Приятный мятный холодок распустился в голове. Альба Регия. Дурманный запах ее струился по морщинам мозга, баюкая, навевая грезы. В полусне глотал я давудин, ловил такси, поднимался в свое пристанище на улице Никольской. Аутоанестезия. Несколько миллионов маленьких серых клеток менялись необратимо, а остальная, пока борющаяся часть мозга отвечала на метаморфоз выбросом внутренних наркотиков-эндорфинов.

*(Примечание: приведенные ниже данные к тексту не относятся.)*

lemma FQ_legal_sum_neq_quilt:
  "FQ_legal S \<Longrightarrow> S \<subseteq> {1..a} \<Longrightarrow> a < b \<Longrightarrow> sum quilt S \<noteq> quilt b"
proof (induction b arbitrary: S a rule: less_induct)
  case (less b)
  have "finite S" using less.prems(2) finite_subset by blast
  show ?case
  proof (cases "S = {}")
    case True
    then show ?thesis using quilt_pos[of b] less.prems(3) by simp
  next
    case False
    define l where "l = Max S"
    define T where "T = S - {l}"
    have l: "S \<subseteq> {1..l}" "l \<in> S" "l < b"
      using Max_in[OF \<open>finite S\<close> False] Max_ge[OF \<open>finite S\<close>] less.prems(2,3)
      unfolding l_def by fastforce+
    have legal_T: "FQ_legal T" using less.prems(1) FQ_legal_subset unfolding T_def by blast
    have sum_S: "sum quilt S = quilt l + sum quilt T"
      using sum.remove[OF \<open>finite S\<close> l(2)] unfolding T_def .
    show ?thesis
    proof
      assume eq: "sum quilt S = quilt b"
      then have "b < l + 3" using FQ_legal_sum_less[OF less.prems(1) l(1)] by simp
      with l(3) have b: "b = l + 1 \<or> b = l + 2" by linarith
      show False
      proof (cases "l \<le> 5")
        case True
        then show False using FQ_legal_sum_neq_quilt_small[OF less.prems(1) l(1,2)] eq b by blast
      next
        case False
        \<comment> \<open>the indices below \<open>l\<close> would have to sum to \<open>q(l-1)\<close> resp. \<open>q(l-4)\<close>\<close>
        from b show False
        proof
          assume "b = l + 2"
          then have "sum quilt T = quilt (l - 1)"
            using eq sum_S quilt_add3[of "l - 1"] False by simp
          moreover have "T \<subseteq> {1..l - 2}"
            using FQ_legal_remove_Max(1)[OF less.prems(1) l(1,2)] unfolding T_def .
          moreover have "l - 1 < b" "l - 2 < l - 1" using \<open>b = l + 2\<close> False by simp_all
          ultimately show False using less.IH[of "l - 1" T "l - 2"] legal_T by blast
        next
          assume "b = l + 1"
          then have sum_T: "sum quilt T = quilt (l - 4)"
            using eq sum_S quilt_Suc[of l] False by simp
          show False
          proof (cases "l - 2 \<in> T")
            case True
            then have "quilt (l - 2) \<le> sum quilt T"
              using \<open>finite S\<close> member_le_sum[of "l - 2" T quilt] unfolding T_def by simp
            with sum_T False show False by simp
          next
            case False
            then have "T \<subseteq> {1..l - 5}"
              using FQ_legal_remove_Max(2)[OF less.prems(1) l(1,2)] \<open>\<not> l \<le> 5\<close>
              unfolding T_def by auto
            moreover have "l - 4 < b" "l - 5 < l - 4" using \<open>b = l + 1\<close> \<open>\<not> l \<le> 5\<close> by simp_all
            ultimately show False using less.IH[of "l - 4" T "l - 5"] legal_T sum_T by blast
          qed
        qed
      qed
    qed
  qed
qed

lemma FQ_legal_sum_exists:
  "0 < m \<Longrightarrow> m < quilt (Suc n) \<Longrightarrow>
    \<exists>S. S \<subseteq> {1..n} \<and> S \<noteq> {} \<and> FQ_legal S \<and> sum quilt S = m"
proof (induction n arbitrary: m rule: less_induct)
  case (less n)
  show ?case
  proof (cases "n \<le> 5")
    case True
    show ?thesis
    proof (cases "m = 6")
      case True
      then have "n = 5" using less.prems(2) \<open>n \<le> 5\<close> by (cases "n = 5") (auto simp: quilt_small)
      moreover have "FQ_legal {2, 4}" unfolding FQ_legal_iff by simp
      ultimately show ?thesis using \<open>m = 6\<close> by (intro exI[of _ "{2, 4}"]) (simp add: quilt_values)
    next
      case False
      have "quilt (Suc n) \<le> 7" using \<open>n \<le> 5\<close> quilt_le_iff[of "Suc n" 6] by (simp add: quilt_6)
      then have "m \<le> n" using less.prems False \<open>n \<le> 5\<close>
        by (cases "n = 5") (auto simp: quilt_small)
      then show ?thesis using less.prems(1) FQ_legal_singleton[of m] \<open>n \<le> 5\<close>
        by (intro exI[of _ "{m}"]) (simp add: quilt_small)
    qed
  next
    case False
    show ?thesis
    proof (cases "m < quilt n")
      case True
      then obtain S where "S \<subseteq> {1..n - 1}" "S \<noteq> {}" "FQ_legal S" "sum quilt S = m"
        using less.IH[of "n - 1" m] less.prems(1) False by auto
      then show ?thesis by (intro exI[of _ S]) auto
    next
      case not_less: False
      define r where "r = m - quilt n"
      have m: "m = quilt n + r" using not_less unfolding r_def by simp
      have "Suc (n - 5) = n - 4" using False by simp
      then have r: "r < quilt (Suc (n - 5))" using less.prems(2) quilt_Suc[of n] False m by simp
      show ?thesis
      proof (cases "r = 0")
        case True
        then show ?thesis using m False FQ_legal_singleton[of n] by (intro exI[of _ "{n}"]) auto
      next
        case False
        then obtain S where S: "S \<subseteq> {1..n - 5}" "FQ_legal S" "sum quilt S = r"
          using less.IH[OF _ _ r] \<open>\<not> n \<le> 5\<close> by auto
        have "S \<subseteq> {..n - 5}" using S(1) by auto
        then have "FQ_legal (insert n S)" using FQ_legal_insert[OF S(2)] \<open>\<not> n \<le> 5\<close> by simp
        moreover have "sum quilt (insert n S) = m"
          using S \<open>\<not> n \<le> 5\<close> m finite_subset[OF S(1)] by (subst sum.insert) auto
        moreover have "insert n S \<subseteq> {1..n}" using S(1) \<open>\<not> n \<le> 5\<close> by (auto dest!: subsetD)
        ultimately show ?thesis by (intro exI[of _ "insert n S"]) auto
      qed
    qed
  qed
qed

subsection \<open>The greedily defined sequence satisfies the recurrence\<close>

lemma length_fq_list: "length (fq_list n) = n"
  by (induction n) (simp_all add: Let_def)

lemma FQ_representable_cong:
  assumes "\<And>l. l \<in> {1..<i} \<Longrightarrow> f l = g l"
  shows "FQ_representable f i = FQ_representable g i"
proof -
  have "sum f S = sum g S" if "S \<subseteq> {1..<i}" for S
    using assms that by (intro sum.cong) auto
  then show ?thesis unfolding FQ_representable_def by (intro ext) metis
qed

lemma FQ_representable_quilt_iff:
  "FQ_representable quilt (Suc i) m \<longleftrightarrow>
    (\<exists>S. S \<subseteq> {1..i} \<and> S \<noteq> {} \<and> FQ_legal S \<and> sum quilt S = m)"
  unfolding FQ_representable_def by (simp add: atLeastLessThanSuc_atLeastAtMost)

lemma quilt_least_unrepresentable:
  "(LEAST m. 0 < m \<and> \<not> FQ_representable quilt (Suc i) m) = quilt (Suc i)"
proof (rule Least_equality)
  have "\<not> FQ_representable quilt (Suc i) (quilt (Suc i))"
    unfolding FQ_representable_quilt_iff using FQ_legal_sum_neq_quilt[of _ i "Suc i"] by blast
  then show "0 < quilt (Suc i) \<and> \<not> FQ_representable quilt (Suc i) (quilt (Suc i))"
    using quilt_pos[of "Suc i"] by simp
next
  fix m assume m: "0 < m \<and> \<not> FQ_representable quilt (Suc i) m"
  show "quilt (Suc i) \<le> m"
  proof (rule ccontr)
    assume "\<not> quilt (Suc i) \<le> m"
    then show False
      using m FQ_legal_sum_exists[of m i] unfolding FQ_representable_quilt_iff by auto
  qed
qed

lemma nth_fq_list: "j < n \<Longrightarrow> fq_list n ! j = quilt (Suc j)"
proof (induction n arbitrary: j)
  case (Suc i)
  define x where "x = (if i = 0 then 1
    else (LEAST m. 0 < m \<and> \<not> FQ_representable (\<lambda>j. fq_list i ! (j - 1)) (Suc i) m))"
  have fq_list: "fq_list (Suc i) = fq_list i @ [x]" by (simp add: Let_def x_def)
  have "x = quilt (Suc i)"
  proof (cases "i = 0")
    case False
    have "FQ_representable (\<lambda>j. fq_list i ! (j - 1)) (Suc i) = FQ_representable quilt (Suc i)"
      using Suc.IH by (intro FQ_representable_cong) auto
    then show ?thesis using quilt_least_unrepresentable[of i] False x_def by simp
  qed (simp add: x_def quilt_small)
  then show ?case using Suc fq_list by (simp add: nth_append length_fq_list)
qed simp

lemma fq_eq_quilt: "fq = quilt"
  by (rule ext) (simp add: fq_def nth_fq_list quilt_small)

subsection \<open>The Greedy-6 algorithm\<close>

lemma greedy6_aux_0: "greedy6_aux f 0 = []"
  by (cases f) simp_all

lemma greedy6_aux_quilt: "n \<ge> 1 \<Longrightarrow> greedy6_aux (Suc f) (quilt n) = [n]"
proof -
  assume "n \<ge> 1"
  then have "(THE n'. n' \<ge> 1 \<and> quilt n' = quilt n) = n" by (intro the_equality) auto
  with \<open>n \<ge> 1\<close> quilt_pos[of n] show ?thesis by (auto simp: fq_eq_quilt)
qed

lemma greedy6_aux_6: "greedy6_aux (Suc f) 6 = [4, 2]"
  using quilt_neq_6 by (simp add: fq_eq_quilt)

lemma greedy6_aux_step:
  assumes "n \<ge> 6" "0 < r" "r < quilt (n - 4)"
  shows "greedy6_aux (Suc f) (quilt n + r) = n # greedy6_aux f r"
proof -
  define m where "m = quilt n + r"
  have m: "quilt n < m" "m < quilt (Suc n)" using assms quilt_Suc[of n] unfolding m_def by simp_all
  have not_term: "\<not> (\<exists>k\<ge>1. quilt k = m)"
  proof
    assume "\<exists>k\<ge>1. quilt k = m"
    then obtain k where "quilt k = m" by blast
    with m have "n < k" "k < Suc n" by (metis quilt_less_iff)+
    then show False by simp
  qed
  have "m \<noteq> 6" using m(1) quilt_le_iff[of 6 n] assms(1) by (simp add: quilt_6)
  moreover have "(THE l. 1 \<le> l \<and> quilt l < m \<and> m < quilt (Suc l)) = n"
  proof (rule the_equality)
    show "1 \<le> n \<and> quilt n < m \<and> m < quilt (Suc n)" using assms(1) m by simp
  next
    fix l assume "1 \<le> l \<and> quilt l < m \<and> m < quilt (Suc l)"
    then have "quilt l < quilt (Suc n)" "quilt n < quilt (Suc l)" using m by linarith+
    then show "l = n" by simp
  qed
  ultimately have "greedy6_aux (Suc f) m = n # greedy6_aux f (m - quilt n)"
    using not_term m(1) by (auto simp: fq_eq_quilt Let_def)
  then show ?thesis unfolding m_def by simp
qed

lemma quilt_split:
  assumes "m \<ge> 7" "\<nexists>k. quilt k = m"
  obtains n r where "n \<ge> 6" "0 < r" "r < quilt (n - 4)" "m = quilt n + r"
proof -
  obtain n where n: "quilt n \<le> m" "m < quilt (Suc n)" using quilt_interval by blast
  have "n \<ge> 6"
  proof (rule ccontr)
    assume "\<not> n \<ge> 6"
    then have "quilt (Suc n) \<le> quilt 6" by simp
    with n assms(1) show False by (simp add: quilt_6)
  qed
  moreover have "quilt n \<noteq> m" using assms(2) by blast
  ultimately show ?thesis using n quilt_Suc[of n] that[of n "m - quilt n"] by simp
qed

lemma greedy6_aux_eq_greedy6: "m \<le> f \<Longrightarrow> greedy6_aux f m = greedy6 m"
proof (induction m arbitrary: f rule: less_induct)
  case (less m)
  show ?case
  proof (cases "m = 0")
    case True
    then show ?thesis by (simp add: greedy6_def greedy6_aux_0)
  next
    case False
    then obtain f' m' where f: "f = Suc f'" and m: "m = Suc m'"
      using less.prems by (cases f; cases m) auto
    consider (quilt) k where "quilt k = m" | (six) "m = 6" | (split) "m \<ge> 7" "\<nexists>k. quilt k = m"
    proof (cases "\<exists>k. quilt k = m")
      case False
      then have "m \<ge> 6" using quilt_small[of m] by (cases "m \<le> 5") auto
      then show ?thesis using that(2,3) False by force
    qed (use that(1) in blast)
    then show ?thesis
    proof cases
      case quilt
      then have "k \<ge> 1" using False by (cases k) (auto simp: quilt_small)
      then show ?thesis using greedy6_aux_quilt[of k] quilt f m by (simp add: greedy6_def)
    next
      case six
      then show ?thesis using greedy6_aux_6 f by (simp add: greedy6_def numeral_eq_Suc)
    next
      case split
      then obtain n r where nr: "n \<ge> 6" "0 < r" "r < quilt (n - 4)" "m = quilt n + r"
        by (rule quilt_split)
      then have "r < m" using quilt_pos[of n] by simp
      have "greedy6_aux f m = n # greedy6_aux f' r"
        unfolding f nr(4) by (rule greedy6_aux_step[OF nr(1-3)])
      also have "\<dots> = n # greedy6_aux m' r" using less.IH \<open>r < m\<close> less.prems f m by simp
      also have "\<dots> = greedy6_aux (Suc m') m"
        unfolding nr(4) by (rule greedy6_aux_step[OF nr(1-3), symmetric])
      also have "\<dots> = greedy6 m" unfolding greedy6_def by (simp only: m)
      finally show ?thesis .
    qed
  qed
qed

lemma greedy6_step:
  assumes "n \<ge> 6" "r < quilt (n - 4)"
  shows "greedy6 (quilt n + r) = n # greedy6 r"
proof (cases "r = 0")
  case True
  have "quilt n > 0" using quilt_pos[of n] assms(1) by simp
  then show ?thesis using True greedy6_aux_quilt[of n "quilt n - 1"] assms(1)
    by (simp add: greedy6_def greedy6_aux_0)
next
  case False
  define f where "f = quilt n + r - 1"
  have f: "quilt n + r = Suc f" "r \<le> f"
    using False quilt_pos[of n] assms(1) unfolding f_def by simp_all
  have "greedy6 (quilt n + r) = n # greedy6_aux f r"
    unfolding greedy6_def f(1) using greedy6_aux_step[OF assms(1) _ assms(2)] False f(1) by simp
  then show ?thesis using greedy6_aux_eq_greedy6[OF f(2)] by simp
qed
lemma A_quadruple_SN_not_Ndiag:
  assumes fin: "finite V" and P: "poset V le"
    and A: "A_quadruple (SN_carrier V le) (SN_le le) a b c d"
  shows "(a, c) \<notin> Ndiag (SN_carrier V le) (SN_le le)"
proof
  let ?Q = "SN_carrier V le" and ?R = "SN_le le"
  have QP: "poset ?Q ?R" and finQ: "finite ?Q" using SN_poset[OF P] SN_finite[OF fin] .
  from A have bc: "covers ?Q ?R b c" and bc_nN: "(b, c) \<notin> Ndiag ?Q ?R" and dQ: "d \<in> ?Q"
    and bd: "pless ?R b d" and ab: "(a, b) \<in> Inc ?Q ?R" and cd: "(c, d) \<in> Inc ?Q ?R"
    by (auto simp: A_quadruple_def Diag_def)
  assume ac: "(a, c) \<in> Ndiag ?Q ?R"
  then obtain a' d' where N: "is_N ?Q ?R a' a c d'" by (auto simp: Ndiag_def)
  then have a'c: "covers ?Q ?R a' c" and ac_cov: "covers ?Q ?R a c" and ad': "covers ?Q ?R a d'"
    by (auto simp: is_N_def)
  obtain a0 c0 where a: "a = Inl a0" and c: "c = Inl c0" using Ndiag_SN_Inl[OF P ac] .
  obtain b0 where b: "b = Inl b0"
  proof (cases b)
    case (Inr e)
    then obtain x y where "b = Inr (x, y)" by (cases e) auto
    then have "c = Inl y" using covers_SN_from_dummy[OF P] bc by simp
    moreover have "?R (Inl y) d"
      using bd \<open>b = Inr (x, y)\<close> by (intro SN_le_above_dummy) (auto simp: pless_def)
    ultimately show ?thesis using cd by (simp add: Inc_def)
  qed
  have a0c0: "(a0, c0) \<in> Diag V le - Ndiag V le" and b0c0: "(b0, c0) \<in> Diag V le - Ndiag V le"
    using ac_cov bc a b c covers_SN_Inl_Inl[OF P] by simp_all
  have "a' \<in> ?Q" "d' \<in> ?Q" using coversD[OF a'c] coversD[OF ad'] by simp_all
  then consider (dummy_a') x y where "a' = Inr (x, y)" | (dummy_d') x y where "d' = Inr (x, y)"
    | (no_dummy) x y where "a' = Inl x" "d' = Inl y"
    by (metis SN_carrier_cases)
  then show False
  proof cases
    case (dummy_a' x y)
    \<comment> \<open>\<open>b \<prec> c\<close> separates \<open>a'\<close> from \<open>d\<close>, and all that lies above the dummy \<open>a'\<close> lies above \<open>c\<close>\<close>
    have "?R a' d"
      using below_le_above_non_N_cover[OF finQ QP bc bc_nN] coversD[OF a'c] dQ bd
      by (simp add: pless_def)
    moreover have "a' \<noteq> d" using bc bd a'c by (auto simp: covers_def)
    moreover have "c = Inl y" using covers_SN_from_dummy[OF P] a'c dummy_a' by simp
    ultimately have "?R c d" using SN_le_above_dummy dummy_a' by metis
    then show False using cd by (simp add: Inc_def)
  next
    case (dummy_d' x y)
    have "a = Inl x" using covers_SN_to_dummy[OF P] ad' dummy_d' by simp
    then have "(a0, y) \<in> Ndiag V le"
      using coversD[OF ad'] dummy_d' a by (auto simp: SN_carrier_def)
    moreover have "(a0, b0) \<in> Inc V le" using ab a b by (auto simp: Inc_def SN_carrier_def)
    ultimately have "is_N ?Q ?R a b c (Inr (b0, y))"
      using is_N_SN_dummy_over_sibling[OF fin P a0c0 b0c0] a b c by simp
    then show False using bc_nN Ndiag_I by metis
  next
    case (no_dummy x y)
    then show False using N a c not_is_N_SN_Inl[OF P] by simp
  qed
qed
definition mk5 :: "'a \<Rightarrow> 'a \<Rightarrow> 'a \<Rightarrow> 'a \<Rightarrow> 'a \<Rightarrow> 'a^5" where
  "mk5 a b c d e =
     (\<chi> i. if i = 0 then a else if i = 1 then b else if i = 2 then c else if i = 3 then d else e)"

lemma mk5_nth [simp]:
  "mk5 a b c d e $ 0 = a" "mk5 a b c d e $ 1 = b" "mk5 a b c d e $ 2 = c"
  "mk5 a b c d e $ 3 = d" "mk5 a b c d e $ 4 = e"
  by (simp_all add: mk5_def)

lemma smul5_nth [simp]: "smul5 c v $ i = c * v $ i"
  by (simp add: smul5_def)

lemma smul5_one [simp]: "smul5 1 u = u"
  and smul5_zero [simp]: "smul5 0 u = 0"
  and smul5_smul5 [simp]: "smul5 c (smul5 d u) = smul5 (c * d) u"
  by (simp_all add: vec_eq_iff)

lemma smul5_eq_0_iff [simp]: "smul5 c u = 0 \<longleftrightarrow> c = 0 \<or> u = 0"
  by (auto simp: vec_eq_iff)

lemma proj_pt_self: "v \<in> proj_pt v"
  unfolding proj_pt_def by (rule CollectI, rule exI[of _ 1]) simp

lemma proj_pt_eqD:
  assumes "proj_pt u = proj_pt v"
  shows "\<exists>c. c \<noteq> 0 \<and> u = smul5 c v"
  using proj_pt_self[of u] assms unfolding proj_pt_def by auto

lemma proj_pt_smul5:
  assumes "c \<noteq> 0"
  shows "proj_pt (smul5 c v) = proj_pt v"
  unfolding proj_pt_def
proof (intro set_eqI iffI)
  fix w assume "w \<in> {smul5 d (smul5 c v) |d. d \<noteq> 0}"
  then obtain d where "d \<noteq> 0" "w = smul5 d (smul5 c v)" by auto
  then show "w \<in> {smul5 d v |d. d \<noteq> 0}" using assms by auto
next
  fix w assume "w \<in> {smul5 d v |d. d \<noteq> 0}"
  then obtain d where "d \<noteq> 0" "w = smul5 d v" by auto
  then show "w \<in> {smul5 d (smul5 c v) |d. d \<noteq> 0}"
    using assms by (auto intro!: exI[of _ "d / c"])
qed

section \<open>The quadric in characteristic two\<close>

text \<open>In characteristic two
  Bp is alternating and coincides with the polar form Bf of Qf, so the nucleus e0 is orthogonal
  to everything.\<close>
definition phi :: "'a::field^5 \<Rightarrow> 'a" where
  "phi v = v$1 * v$2 + v$3 * v$4"

definition Bp :: "'a::field^5 \<Rightarrow> 'a^5 \<Rightarrow> 'a" where
  "Bp u v = u$1 * v$2 + u$2 * v$1 + u$3 * v$4 + u$4 * v$3"

lemma Qf_expand: "Qf v = (v$0)^2 + phi v"
  by (simp add: Qf_def phi_def)

lemma Bf_char2: "(2::'a::field) = 0 \<Longrightarrow> Bf u v = Bp u (v::'a^5)"
proof -
  assume c2: "(2::'a) = 0"
  have "Bf u v = Bp u v + 2 * (u$0 * v$0)"
    unfolding Bf_def Qf_def Bp_def by (simp add: power2_eq_square algebra_simps)
  then show ?thesis using c2 by simp
qed

lemma Bp_sym: "Bp u v = Bp v u"
  by (simp add: Bp_def algebra_simps)

lemma Bp_add_left: "Bp (u + v) w = Bp u w + Bp v w"
  and Bp_add_right: "Bp w (u + v) = Bp w u + Bp w v"
  and Bp_smul_left: "Bp (smul5 c u) w = c * Bp u w"
  and Bp_smul_right: "Bp w (smul5 c u) = c * Bp w u"
  by (simp_all add: Bp_def algebra_simps)

lemma Bp_zero [simp]: "Bp 0 w = 0" "Bp w 0 = 0"
  by (simp_all add: Bp_def)

lemma Bp_self: "(2::'a::field) = 0 \<Longrightarrow> Bp u (u::'a^5) = 0"
proof -
  assume "(2::'a) = 0"
  moreover have "Bp u u = 2 * (u$1 * u$2 + u$3 * u$4)" by (simp add: Bp_def algebra_simps)
  ultimately show ?thesis by simp
qed

lemma phi_add: "phi (u + v) = phi u + phi v + Bp u v"
  and phi_smul: "phi (smul5 c u) = c^2 * phi u"
  by (simp_all add: phi_def Bp_def power2_eq_square algebra_simps)

lemma Qf_smul5: "Qf (smul5 c v) = c^2 * Qf v"
  unfolding Qf_def by (simp add: power2_eq_square algebra_simps)

lemma Qf_lincomb: "Qf (smul5 s u + smul5 t v) = s^2 * Qf u + t^2 * Qf v + s * t * Bf u v"
  unfolding Bf_def Qf_def by (simp add: power2_eq_square algebra_simps)

text \<open>This is the
  nondegeneracy of the symplectic form Bp on these four coordinates.\<close>
lemma Bp_annihilator:
  fixes d r :: "'a::field^5"
  assumes H: "\<And>R. Bp d R = 0 \<Longrightarrow> Bp r R = 0"
    and nz: "d$1 \<noteq> 0 \<or> d$2 \<noteq> 0 \<or> d$3 \<noteq> 0 \<or> d$4 \<noteq> 0"
  shows "\<exists>k. r$1 = k * d$1 \<and> r$2 = k * d$2 \<and> r$3 = k * d$3 \<and> r$4 = k * d$4"
proof -
  have m12: "r$1 * d$2 = r$2 * d$1"
    using H[of "mk5 0 (-(d$1)) (d$2) 0 0"] by (simp add: Bp_def algebra_simps)
  have m13: "r$1 * d$3 = r$3 * d$1"
    using H[of "mk5 0 0 (d$3) 0 (-(d$1))"] by (simp add: Bp_def algebra_simps)
  have m14: "r$1 * d$4 = r$4 * d$1"
    using H[of "mk5 0 0 (d$4) (-(d$1)) 0"] by (simp add: Bp_def algebra_simps)
  have m23: "r$2 * d$3 = r$3 * d$2"
    using H[of "mk5 0 (d$3) 0 0 (-(d$2))"] by (simp add: Bp_def algebra_simps)
  have m24: "r$2 * d$4 = r$4 * d$2"
    using H[of "mk5 0 (d$4) 0 (-(d$2)) 0"] by (simp add: Bp_def algebra_simps)
  have m34: "r$3 * d$4 = r$4 * d$3"
    using H[of "mk5 0 0 0 (-(d$3)) (d$4)"] by (simp add: Bp_def algebra_simps)
  from nz show ?thesis
  proof (elim disjE)
    assume "d$1 \<noteq> 0"
    then show ?thesis using m12 m13 m14 by (intro exI[of _ "r$1 / d$1"]) (simp add: field_simps)
  next
    assume "d$2 \<noteq> 0"
    then show ?thesis using m12 m23 m24 by (intro exI[of _ "r$2 / d$2"]) (simp add: field_simps)
  next
    assume "d$3 \<noteq> 0"
    then show ?thesis using m13 m23 m34 by (intro exI[of _ "r$3 / d$3"]) (simp add: field_simps)
  next
    assume "d$4 \<noteq> 0"
    then show ?thesis using m14 m24 m34 by (intro exI[of _ "r$4 / d$4"]) (simp add: field_simps)
  qed
qed

text \<open>The hyperplane v0 = Bp b v; it depends only on the coordinates 1..4 of b.\<close>
definition hypB :: "'a::field^5 \<Rightarrow> ('a^5) set" where
  "hypB b = {v. v$0 = Bp b v}"

definition lift :: "'a::field^5 \<Rightarrow> 'a^5 \<Rightarrow> 'a^5" where
  "lift b u = mk5 (Bp b u) (u$1) (u$2) (u$3) (u$4)"

lemma Bp_lift_left: "Bp (lift b u) v = Bp u v"
  and Bp_lift_right: "Bp v (lift b u) = Bp v u"
  by (simp_all add: Bp_def lift_def)

lemma lift_nth0: "(lift b u)$0 = Bp b u"
  by (simp add: lift_def)

lemma lift_in_hypB_iff: "lift a u \<in> hypB b \<longleftrightarrow> Bp a u = Bp b u"
  by (simp add: hypB_def lift_nth0 Bp_lift_right)

lemma lift_in_hypB: "lift b u \<in> hypB b"
  by (simp add: lift_in_hypB_iff)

Милейшая Зоя Федоровна звала чаевничать, но я, отговорясь усталостью, избежал беседы, звона ложечки о стакан, света лампы. Подушка присосала голову. Отсюда, с кровати, я видел кусочек вечернего неба, темнеющего, меркнущего, и, растворяясь в нем, погружался во тьму и я.
3
Изнутри трамвай звенел не так уж и весело, скорее, истерично-злобно, моськой набрасываясь на заполнившие дорогу грузовики и с моськиным же успехом.
Долгий, до полудня, сон, тяжелый обед в вокзальном ресторане, а в нагрузку и уличные заторы. Я не правительство, дефицита бюджета позволить не могу, вот и трясусь в муниципальном транспорте. Экономлю.
Наконец, трамвай выкатил на мост и понесся вольно, счастливо, стремясь стереть гнусность последнего часа. Вперед, в Москву, в Москву! – но завернет на кольце и поплетется назад, в убогость настоящего.
Ударившись в философию, я едва не проехал остановку. Опаздываю, ах, опять опаздываю, что скажет герцогиня, бедные мои ушки-усики!
Сей раз жребий швейцарки отвел мне правую, "чистую" половину зала. Публики побольше, и вообще... солиднее. Лишь парвеню вроде меня смазывают картину. Пройдет тур-другой, и все окончательно сядут на свои места.
Молодой боец смотрел укоризненно. Каюсь, каюсь, заставил ждать, часы отмерили четверть часа моего времени. Я уселся, поправил фигуры, придвинул к себе бланк...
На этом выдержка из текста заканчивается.